[What the task asks]: When a line of the listing below has the string "have" in it, copy that line.

[Data for this exercise]:
=== Section Start ===

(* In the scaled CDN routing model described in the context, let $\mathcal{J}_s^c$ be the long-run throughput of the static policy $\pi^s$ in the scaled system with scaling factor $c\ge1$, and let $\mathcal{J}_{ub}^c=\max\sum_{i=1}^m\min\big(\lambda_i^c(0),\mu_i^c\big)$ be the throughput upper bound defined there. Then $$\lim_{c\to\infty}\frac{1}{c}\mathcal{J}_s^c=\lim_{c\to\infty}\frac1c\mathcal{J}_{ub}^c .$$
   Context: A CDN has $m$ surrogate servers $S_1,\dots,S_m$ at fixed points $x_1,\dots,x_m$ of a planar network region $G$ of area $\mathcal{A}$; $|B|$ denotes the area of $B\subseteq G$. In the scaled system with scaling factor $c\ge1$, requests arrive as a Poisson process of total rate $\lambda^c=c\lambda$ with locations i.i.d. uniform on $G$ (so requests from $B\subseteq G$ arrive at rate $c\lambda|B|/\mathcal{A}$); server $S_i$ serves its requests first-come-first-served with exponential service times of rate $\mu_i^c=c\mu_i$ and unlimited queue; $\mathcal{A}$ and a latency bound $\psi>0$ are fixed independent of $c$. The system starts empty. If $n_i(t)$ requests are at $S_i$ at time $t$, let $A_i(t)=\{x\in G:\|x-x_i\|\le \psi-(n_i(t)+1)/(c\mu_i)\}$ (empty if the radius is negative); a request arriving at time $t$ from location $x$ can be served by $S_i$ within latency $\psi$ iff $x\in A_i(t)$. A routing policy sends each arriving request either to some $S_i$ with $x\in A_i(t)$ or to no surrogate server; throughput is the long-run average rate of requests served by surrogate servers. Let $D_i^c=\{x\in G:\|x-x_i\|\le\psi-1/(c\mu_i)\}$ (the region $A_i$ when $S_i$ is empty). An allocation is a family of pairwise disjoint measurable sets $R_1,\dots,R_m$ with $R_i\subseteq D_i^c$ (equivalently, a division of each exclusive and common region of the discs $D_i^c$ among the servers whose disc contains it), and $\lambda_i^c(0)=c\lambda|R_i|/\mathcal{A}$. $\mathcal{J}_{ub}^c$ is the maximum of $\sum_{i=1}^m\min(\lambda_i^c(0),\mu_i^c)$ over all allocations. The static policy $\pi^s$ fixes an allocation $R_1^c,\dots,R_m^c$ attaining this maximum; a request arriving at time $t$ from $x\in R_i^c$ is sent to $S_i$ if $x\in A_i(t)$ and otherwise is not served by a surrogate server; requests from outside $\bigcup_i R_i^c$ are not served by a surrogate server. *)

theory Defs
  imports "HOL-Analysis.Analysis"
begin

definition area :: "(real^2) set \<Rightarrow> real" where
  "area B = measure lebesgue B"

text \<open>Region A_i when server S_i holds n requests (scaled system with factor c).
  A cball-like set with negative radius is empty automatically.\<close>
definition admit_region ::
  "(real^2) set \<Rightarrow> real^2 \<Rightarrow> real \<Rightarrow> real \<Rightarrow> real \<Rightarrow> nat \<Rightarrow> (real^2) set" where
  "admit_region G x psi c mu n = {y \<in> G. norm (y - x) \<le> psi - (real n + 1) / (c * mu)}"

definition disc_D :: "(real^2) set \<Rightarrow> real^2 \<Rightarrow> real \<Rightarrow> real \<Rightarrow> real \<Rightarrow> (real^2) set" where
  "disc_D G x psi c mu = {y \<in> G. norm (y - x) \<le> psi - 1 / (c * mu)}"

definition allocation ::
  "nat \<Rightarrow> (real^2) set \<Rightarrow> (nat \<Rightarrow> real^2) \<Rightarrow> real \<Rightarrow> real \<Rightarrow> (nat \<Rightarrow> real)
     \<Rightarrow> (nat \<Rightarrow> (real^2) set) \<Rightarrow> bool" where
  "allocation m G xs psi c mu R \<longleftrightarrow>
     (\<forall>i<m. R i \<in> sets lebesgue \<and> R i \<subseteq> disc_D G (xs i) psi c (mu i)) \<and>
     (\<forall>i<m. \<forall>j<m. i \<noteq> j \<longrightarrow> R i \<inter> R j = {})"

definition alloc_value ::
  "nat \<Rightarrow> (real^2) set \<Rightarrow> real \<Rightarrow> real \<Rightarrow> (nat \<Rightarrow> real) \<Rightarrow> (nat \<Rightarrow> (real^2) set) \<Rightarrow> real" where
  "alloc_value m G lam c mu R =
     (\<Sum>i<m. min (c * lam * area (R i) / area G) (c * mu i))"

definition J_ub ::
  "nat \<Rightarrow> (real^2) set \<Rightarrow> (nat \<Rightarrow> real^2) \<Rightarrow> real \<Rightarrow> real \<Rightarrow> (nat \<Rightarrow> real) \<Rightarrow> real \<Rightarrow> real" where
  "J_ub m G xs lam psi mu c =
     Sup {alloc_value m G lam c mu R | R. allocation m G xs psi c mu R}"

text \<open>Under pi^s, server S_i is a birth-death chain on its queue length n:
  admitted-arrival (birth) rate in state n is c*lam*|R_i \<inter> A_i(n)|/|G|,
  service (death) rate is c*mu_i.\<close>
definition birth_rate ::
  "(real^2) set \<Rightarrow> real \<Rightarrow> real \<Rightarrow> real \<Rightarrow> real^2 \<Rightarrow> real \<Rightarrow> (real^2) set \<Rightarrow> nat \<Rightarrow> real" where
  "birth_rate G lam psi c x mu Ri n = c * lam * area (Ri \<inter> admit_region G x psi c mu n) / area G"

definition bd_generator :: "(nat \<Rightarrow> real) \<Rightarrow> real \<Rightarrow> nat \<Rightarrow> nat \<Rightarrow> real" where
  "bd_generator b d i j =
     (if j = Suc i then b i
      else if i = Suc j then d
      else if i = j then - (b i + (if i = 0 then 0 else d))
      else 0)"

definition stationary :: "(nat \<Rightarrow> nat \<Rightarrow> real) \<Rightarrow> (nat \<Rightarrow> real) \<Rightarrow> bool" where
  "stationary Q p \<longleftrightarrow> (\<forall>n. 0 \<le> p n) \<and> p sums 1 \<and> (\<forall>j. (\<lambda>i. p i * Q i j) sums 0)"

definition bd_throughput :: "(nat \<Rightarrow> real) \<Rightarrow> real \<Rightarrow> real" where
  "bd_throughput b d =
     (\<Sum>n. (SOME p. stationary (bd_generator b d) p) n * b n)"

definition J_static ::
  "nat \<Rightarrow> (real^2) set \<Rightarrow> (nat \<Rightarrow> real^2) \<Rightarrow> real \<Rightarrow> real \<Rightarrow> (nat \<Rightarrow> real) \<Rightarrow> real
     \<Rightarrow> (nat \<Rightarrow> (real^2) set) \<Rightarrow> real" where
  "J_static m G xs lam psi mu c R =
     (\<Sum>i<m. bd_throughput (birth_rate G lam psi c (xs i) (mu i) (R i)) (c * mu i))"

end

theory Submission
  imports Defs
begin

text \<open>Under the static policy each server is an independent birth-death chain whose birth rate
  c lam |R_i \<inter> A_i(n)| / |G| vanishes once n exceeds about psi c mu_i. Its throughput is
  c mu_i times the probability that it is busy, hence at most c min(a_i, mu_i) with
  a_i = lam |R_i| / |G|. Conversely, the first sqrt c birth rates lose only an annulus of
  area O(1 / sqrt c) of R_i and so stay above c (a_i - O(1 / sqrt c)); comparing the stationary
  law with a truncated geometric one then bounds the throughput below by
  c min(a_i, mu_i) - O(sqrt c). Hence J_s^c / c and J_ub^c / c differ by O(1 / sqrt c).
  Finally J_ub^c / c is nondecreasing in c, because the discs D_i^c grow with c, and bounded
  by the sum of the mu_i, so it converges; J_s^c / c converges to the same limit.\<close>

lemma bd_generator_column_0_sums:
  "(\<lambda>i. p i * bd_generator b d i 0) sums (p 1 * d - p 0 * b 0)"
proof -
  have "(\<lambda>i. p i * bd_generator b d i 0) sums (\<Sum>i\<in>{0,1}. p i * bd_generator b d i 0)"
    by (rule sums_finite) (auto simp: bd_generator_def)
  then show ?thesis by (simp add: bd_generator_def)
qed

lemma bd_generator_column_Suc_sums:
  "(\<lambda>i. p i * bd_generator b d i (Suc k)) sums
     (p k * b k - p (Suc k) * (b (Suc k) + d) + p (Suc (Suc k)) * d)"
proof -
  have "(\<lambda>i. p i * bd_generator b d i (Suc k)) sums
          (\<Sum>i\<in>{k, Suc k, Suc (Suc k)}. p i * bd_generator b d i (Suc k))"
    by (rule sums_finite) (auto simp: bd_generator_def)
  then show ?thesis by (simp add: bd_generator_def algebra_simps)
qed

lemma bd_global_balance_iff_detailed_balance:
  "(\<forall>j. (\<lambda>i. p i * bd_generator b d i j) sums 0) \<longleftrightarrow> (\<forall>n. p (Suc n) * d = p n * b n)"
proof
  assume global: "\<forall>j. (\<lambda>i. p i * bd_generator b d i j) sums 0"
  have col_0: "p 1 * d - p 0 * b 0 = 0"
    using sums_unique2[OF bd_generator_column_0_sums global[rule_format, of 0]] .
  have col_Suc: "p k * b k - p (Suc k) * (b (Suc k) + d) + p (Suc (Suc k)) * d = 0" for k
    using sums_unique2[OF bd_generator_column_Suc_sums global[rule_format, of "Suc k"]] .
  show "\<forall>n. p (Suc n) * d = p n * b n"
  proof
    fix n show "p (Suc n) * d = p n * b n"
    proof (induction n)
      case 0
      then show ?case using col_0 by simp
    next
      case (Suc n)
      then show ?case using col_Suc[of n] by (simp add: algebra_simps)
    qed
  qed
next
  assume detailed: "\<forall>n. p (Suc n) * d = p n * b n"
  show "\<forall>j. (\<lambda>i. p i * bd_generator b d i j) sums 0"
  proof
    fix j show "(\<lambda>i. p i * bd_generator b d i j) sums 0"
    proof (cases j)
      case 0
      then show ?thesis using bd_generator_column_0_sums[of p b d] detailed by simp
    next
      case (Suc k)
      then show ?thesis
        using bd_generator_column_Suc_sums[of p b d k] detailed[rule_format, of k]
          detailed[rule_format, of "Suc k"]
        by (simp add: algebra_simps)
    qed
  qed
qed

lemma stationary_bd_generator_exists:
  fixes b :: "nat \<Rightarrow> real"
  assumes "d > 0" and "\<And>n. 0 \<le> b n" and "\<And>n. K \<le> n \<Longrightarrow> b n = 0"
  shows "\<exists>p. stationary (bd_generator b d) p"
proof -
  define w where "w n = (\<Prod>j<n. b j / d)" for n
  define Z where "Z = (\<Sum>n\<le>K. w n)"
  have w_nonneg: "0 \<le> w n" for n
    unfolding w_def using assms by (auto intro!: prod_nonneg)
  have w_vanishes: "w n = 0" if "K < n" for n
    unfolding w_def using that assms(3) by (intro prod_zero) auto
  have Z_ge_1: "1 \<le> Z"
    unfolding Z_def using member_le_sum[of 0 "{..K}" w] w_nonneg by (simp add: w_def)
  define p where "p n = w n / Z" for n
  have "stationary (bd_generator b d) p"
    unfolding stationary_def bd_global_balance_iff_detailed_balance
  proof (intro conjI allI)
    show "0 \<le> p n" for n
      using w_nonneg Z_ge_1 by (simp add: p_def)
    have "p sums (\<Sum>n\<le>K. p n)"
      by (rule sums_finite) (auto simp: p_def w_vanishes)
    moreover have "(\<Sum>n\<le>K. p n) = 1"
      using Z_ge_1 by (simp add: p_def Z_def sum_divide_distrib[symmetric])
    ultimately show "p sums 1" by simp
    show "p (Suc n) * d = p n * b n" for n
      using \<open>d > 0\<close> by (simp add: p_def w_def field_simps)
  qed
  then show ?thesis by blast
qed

=== Section End ===

[Solution below]:
  have "(\<lambda>i. p i * bd_generator b d i 0) sums (\<Sum>i\<in>{0,1}. p i * bd_generator b d i 0)"
  have "(\<lambda>i. p i * bd_generator b d i (Suc k)) sums
  have col_0: "p 1 * d - p 0 * b 0 = 0"
  have col_Suc: "p k * b k - p (Suc k) * (b (Suc k) + d) + p (Suc (Suc k)) * d = 0" for k
  have w_nonneg: "0 \<le> w n" for n
  have w_vanishes: "w n = 0" if "K < n" for n
  have Z_ge_1: "1 \<le> Z"
  have "stationary (bd_generator b d) p"
    have "p sums (\<Sum>n\<le>K. p n)"
    moreover have "(\<Sum>n\<le>K. p n) = 1"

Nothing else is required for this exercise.